Without dropping or altering a single word, give the listing again.

•••

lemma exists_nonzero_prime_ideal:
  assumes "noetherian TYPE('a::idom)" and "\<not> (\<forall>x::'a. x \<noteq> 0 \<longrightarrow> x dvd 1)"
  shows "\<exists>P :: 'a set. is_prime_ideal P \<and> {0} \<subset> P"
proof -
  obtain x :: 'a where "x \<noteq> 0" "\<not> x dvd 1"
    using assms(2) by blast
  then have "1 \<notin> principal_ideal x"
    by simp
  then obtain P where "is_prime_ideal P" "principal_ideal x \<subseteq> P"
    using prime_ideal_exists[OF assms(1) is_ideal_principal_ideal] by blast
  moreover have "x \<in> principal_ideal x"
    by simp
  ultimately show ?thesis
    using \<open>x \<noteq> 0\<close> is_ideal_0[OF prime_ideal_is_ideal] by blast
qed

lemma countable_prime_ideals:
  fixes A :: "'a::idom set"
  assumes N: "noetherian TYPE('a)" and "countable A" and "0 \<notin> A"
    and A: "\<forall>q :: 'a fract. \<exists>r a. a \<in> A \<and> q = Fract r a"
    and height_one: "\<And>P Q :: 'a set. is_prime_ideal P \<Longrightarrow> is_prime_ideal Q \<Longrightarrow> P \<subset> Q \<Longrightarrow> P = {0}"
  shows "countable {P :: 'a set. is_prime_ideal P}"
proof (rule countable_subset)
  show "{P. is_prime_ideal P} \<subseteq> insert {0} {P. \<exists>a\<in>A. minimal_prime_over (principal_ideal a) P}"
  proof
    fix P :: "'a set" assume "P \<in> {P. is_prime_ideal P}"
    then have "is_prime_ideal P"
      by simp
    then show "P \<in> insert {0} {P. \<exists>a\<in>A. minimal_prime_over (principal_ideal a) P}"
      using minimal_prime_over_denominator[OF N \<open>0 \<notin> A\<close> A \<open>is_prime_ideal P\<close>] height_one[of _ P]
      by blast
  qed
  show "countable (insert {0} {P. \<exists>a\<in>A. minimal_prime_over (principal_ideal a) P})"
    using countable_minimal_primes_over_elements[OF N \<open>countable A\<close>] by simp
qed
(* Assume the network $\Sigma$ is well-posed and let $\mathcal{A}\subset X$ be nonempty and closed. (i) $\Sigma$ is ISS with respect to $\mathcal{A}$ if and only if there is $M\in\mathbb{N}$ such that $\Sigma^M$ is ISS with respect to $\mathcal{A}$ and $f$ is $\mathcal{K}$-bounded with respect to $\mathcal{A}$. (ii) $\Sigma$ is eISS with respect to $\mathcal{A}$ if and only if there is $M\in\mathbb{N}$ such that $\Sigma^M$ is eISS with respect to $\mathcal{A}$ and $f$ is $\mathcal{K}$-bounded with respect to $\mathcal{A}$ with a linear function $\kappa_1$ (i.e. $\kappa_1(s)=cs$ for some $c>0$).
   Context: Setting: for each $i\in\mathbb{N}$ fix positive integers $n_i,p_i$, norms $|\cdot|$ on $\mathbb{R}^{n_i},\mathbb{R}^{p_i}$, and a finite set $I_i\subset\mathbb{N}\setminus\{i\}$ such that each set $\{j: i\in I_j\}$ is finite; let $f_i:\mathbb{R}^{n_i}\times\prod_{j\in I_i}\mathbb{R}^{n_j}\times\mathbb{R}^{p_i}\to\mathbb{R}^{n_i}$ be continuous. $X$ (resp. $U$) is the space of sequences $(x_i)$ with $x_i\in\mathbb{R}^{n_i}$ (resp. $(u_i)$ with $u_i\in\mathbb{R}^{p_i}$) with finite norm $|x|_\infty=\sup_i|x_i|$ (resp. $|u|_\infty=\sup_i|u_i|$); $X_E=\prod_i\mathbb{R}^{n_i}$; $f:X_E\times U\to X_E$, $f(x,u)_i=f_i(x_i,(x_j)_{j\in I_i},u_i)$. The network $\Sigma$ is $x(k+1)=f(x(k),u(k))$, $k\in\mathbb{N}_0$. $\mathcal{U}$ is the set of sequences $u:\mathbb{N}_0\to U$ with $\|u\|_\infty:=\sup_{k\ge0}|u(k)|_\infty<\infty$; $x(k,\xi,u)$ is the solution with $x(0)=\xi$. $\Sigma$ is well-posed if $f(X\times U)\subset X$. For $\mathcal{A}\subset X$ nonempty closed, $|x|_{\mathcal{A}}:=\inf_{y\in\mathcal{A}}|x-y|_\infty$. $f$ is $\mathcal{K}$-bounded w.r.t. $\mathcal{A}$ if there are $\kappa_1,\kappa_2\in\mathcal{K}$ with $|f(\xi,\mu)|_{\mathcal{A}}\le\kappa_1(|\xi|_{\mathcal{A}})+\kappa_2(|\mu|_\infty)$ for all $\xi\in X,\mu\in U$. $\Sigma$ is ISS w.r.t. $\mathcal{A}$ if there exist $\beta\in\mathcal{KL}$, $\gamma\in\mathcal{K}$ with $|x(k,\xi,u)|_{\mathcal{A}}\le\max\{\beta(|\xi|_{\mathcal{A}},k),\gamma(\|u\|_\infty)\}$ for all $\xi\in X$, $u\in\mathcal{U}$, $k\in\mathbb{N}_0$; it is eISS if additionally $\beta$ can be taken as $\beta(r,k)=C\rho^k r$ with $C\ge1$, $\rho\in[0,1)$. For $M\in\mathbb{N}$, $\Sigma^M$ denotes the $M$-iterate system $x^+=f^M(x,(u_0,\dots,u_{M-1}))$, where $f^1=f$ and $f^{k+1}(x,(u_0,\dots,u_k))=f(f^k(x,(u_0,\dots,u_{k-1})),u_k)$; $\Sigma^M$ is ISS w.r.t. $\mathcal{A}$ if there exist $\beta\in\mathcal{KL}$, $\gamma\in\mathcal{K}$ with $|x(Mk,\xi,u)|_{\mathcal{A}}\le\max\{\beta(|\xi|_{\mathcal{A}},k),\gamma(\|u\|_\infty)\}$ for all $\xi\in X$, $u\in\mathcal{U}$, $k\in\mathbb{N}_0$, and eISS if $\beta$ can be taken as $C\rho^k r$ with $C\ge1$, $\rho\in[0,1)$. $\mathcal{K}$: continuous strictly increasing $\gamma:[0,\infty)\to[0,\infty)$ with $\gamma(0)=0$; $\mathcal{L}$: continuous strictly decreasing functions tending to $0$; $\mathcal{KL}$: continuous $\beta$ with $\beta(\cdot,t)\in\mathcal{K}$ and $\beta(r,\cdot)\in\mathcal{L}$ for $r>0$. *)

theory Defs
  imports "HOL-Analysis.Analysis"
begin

•••

Your response:
lemma exists_nonzero_prime_ideal:
  assumes "noetherian TYPE('a::idom)" and "\<not> (\<forall>x::'a. x \<noteq> 0 \<longrightarrow> x dvd 1)"
  shows "\<exists>P :: 'a set. is_prime_ideal P \<and> {0} \<subset> P"
proof -
  obtain x :: 'a where "x \<noteq> 0" "\<not> x dvd 1"
    using assms(2) by blast
  then have "1 \<notin> principal_ideal x"
    by simp
  then obtain P where "is_prime_ideal P" "principal_ideal x \<subseteq> P"
    using prime_ideal_exists[OF assms(1) is_ideal_principal_ideal] by blast
  moreover have "x \<in> principal_ideal x"
    by simp
  ultimately show ?thesis
    using \<open>x \<noteq> 0\<close> is_ideal_0[OF prime_ideal_is_ideal] by blast
qed

lemma countable_prime_ideals:
  fixes A :: "'a::idom set"
  assumes N: "noetherian TYPE('a)" and "countable A" and "0 \<notin> A"
    and A: "\<forall>q :: 'a fract. \<exists>r a. a \<in> A \<and> q = Fract r a"
    and height_one: "\<And>P Q :: 'a set. is_prime_ideal P \<Longrightarrow> is_prime_ideal Q \<Longrightarrow> P \<subset> Q \<Longrightarrow> P = {0}"
  shows "countable {P :: 'a set. is_prime_ideal P}"
proof (rule countable_subset)
  show "{P. is_prime_ideal P} \<subseteq> insert {0} {P. \<exists>a\<in>A. minimal_prime_over (principal_ideal a) P}"
  proof
    fix P :: "'a set" assume "P \<in> {P. is_prime_ideal P}"
    then have "is_prime_ideal P"
      by simp
    then show "P \<in> insert {0} {P. \<exists>a\<in>A. minimal_prime_over (principal_ideal a) P}"
      using minimal_prime_over_denominator[OF N \<open>0 \<notin> A\<close> A \<open>is_prime_ideal P\<close>] height_one[of _ P]
      by blast
  qed
  show "countable (insert {0} {P. \<exists>a\<in>A. minimal_prime_over (principal_ideal a) P})"
    using countable_minimal_primes_over_elements[OF N \<open>countable A\<close>] by simp
qed
(* Assume the network $\Sigma$ is well-posed and let $\mathcal{A}\subset X$ be nonempty and closed. (i) $\Sigma$ is ISS with respect to $\mathcal{A}$ if and only if there is $M\in\mathbb{N}$ such that $\Sigma^M$ is ISS with respect to $\mathcal{A}$ and $f$ is $\mathcal{K}$-bounded with respect to $\mathcal{A}$. (ii) $\Sigma$ is eISS with respect to $\mathcal{A}$ if and only if there is $M\in\mathbb{N}$ such that $\Sigma^M$ is eISS with respect to $\mathcal{A}$ and $f$ is $\mathcal{K}$-bounded with respect to $\mathcal{A}$ with a linear function $\kappa_1$ (i.e. $\kappa_1(s)=cs$ for some $c>0$).
   Context: Setting: for each $i\in\mathbb{N}$ fix positive integers $n_i,p_i$, norms $|\cdot|$ on $\mathbb{R}^{n_i},\mathbb{R}^{p_i}$, and a finite set $I_i\subset\mathbb{N}\setminus\{i\}$ such that each set $\{j: i\in I_j\}$ is finite; let $f_i:\mathbb{R}^{n_i}\times\prod_{j\in I_i}\mathbb{R}^{n_j}\times\mathbb{R}^{p_i}\to\mathbb{R}^{n_i}$ be continuous. $X$ (resp. $U$) is the space of sequences $(x_i)$ with $x_i\in\mathbb{R}^{n_i}$ (resp. $(u_i)$ with $u_i\in\mathbb{R}^{p_i}$) with finite norm $|x|_\infty=\sup_i|x_i|$ (resp. $|u|_\infty=\sup_i|u_i|$); $X_E=\prod_i\mathbb{R}^{n_i}$; $f:X_E\times U\to X_E$, $f(x,u)_i=f_i(x_i,(x_j)_{j\in I_i},u_i)$. The network $\Sigma$ is $x(k+1)=f(x(k),u(k))$, $k\in\mathbb{N}_0$. $\mathcal{U}$ is the set of sequences $u:\mathbb{N}_0\to U$ with $\|u\|_\infty:=\sup_{k\ge0}|u(k)|_\infty<\infty$; $x(k,\xi,u)$ is the solution with $x(0)=\xi$. $\Sigma$ is well-posed if $f(X\times U)\subset X$. For $\mathcal{A}\subset X$ nonempty closed, $|x|_{\mathcal{A}}:=\inf_{y\in\mathcal{A}}|x-y|_\infty$. $f$ is $\mathcal{K}$-bounded w.r.t. $\mathcal{A}$ if there are $\kappa_1,\kappa_2\in\mathcal{K}$ with $|f(\xi,\mu)|_{\mathcal{A}}\le\kappa_1(|\xi|_{\mathcal{A}})+\kappa_2(|\mu|_\infty)$ for all $\xi\in X,\mu\in U$. $\Sigma$ is ISS w.r.t. $\mathcal{A}$ if there exist $\beta\in\mathcal{KL}$, $\gamma\in\mathcal{K}$ with $|x(k,\xi,u)|_{\mathcal{A}}\le\max\{\beta(|\xi|_{\mathcal{A}},k),\gamma(\|u\|_\infty)\}$ for all $\xi\in X$, $u\in\mathcal{U}$, $k\in\mathbb{N}_0$; it is eISS if additionally $\beta$ can be taken as $\beta(r,k)=C\rho^k r$ with $C\ge1$, $\rho\in[0,1)$. For $M\in\mathbb{N}$, $\Sigma^M$ denotes the $M$-iterate system $x^+=f^M(x,(u_0,\dots,u_{M-1}))$, where $f^1=f$ and $f^{k+1}(x,(u_0,\dots,u_k))=f(f^k(x,(u_0,\dots,u_{k-1})),u_k)$; $\Sigma^M$ is ISS w.r.t. $\mathcal{A}$ if there exist $\beta\in\mathcal{KL}$, $\gamma\in\mathcal{K}$ with $|x(Mk,\xi,u)|_{\mathcal{A}}\le\max\{\beta(|\xi|_{\mathcal{A}},k),\gamma(\|u\|_\infty)\}$ for all $\xi\in X$, $u\in\mathcal{U}$, $k\in\mathbb{N}_0$, and eISS if $\beta$ can be taken as $C\rho^k r$ with $C\ge1$, $\rho\in[0,1)$. $\mathcal{K}$: continuous strictly increasing $\gamma:[0,\infty)\to[0,\infty)$ with $\gamma(0)=0$; $\mathcal{L}$: continuous strictly decreasing functions tending to $0$; $\mathcal{KL}$: continuous $\beta$ with $\beta(\cdot,t)\in\mathcal{K}$ and $\beta(r,\cdot)\in\mathcal{L}$ for $r>0$. *)

theory Defs
  imports "HOL-Analysis.Analysis"
begin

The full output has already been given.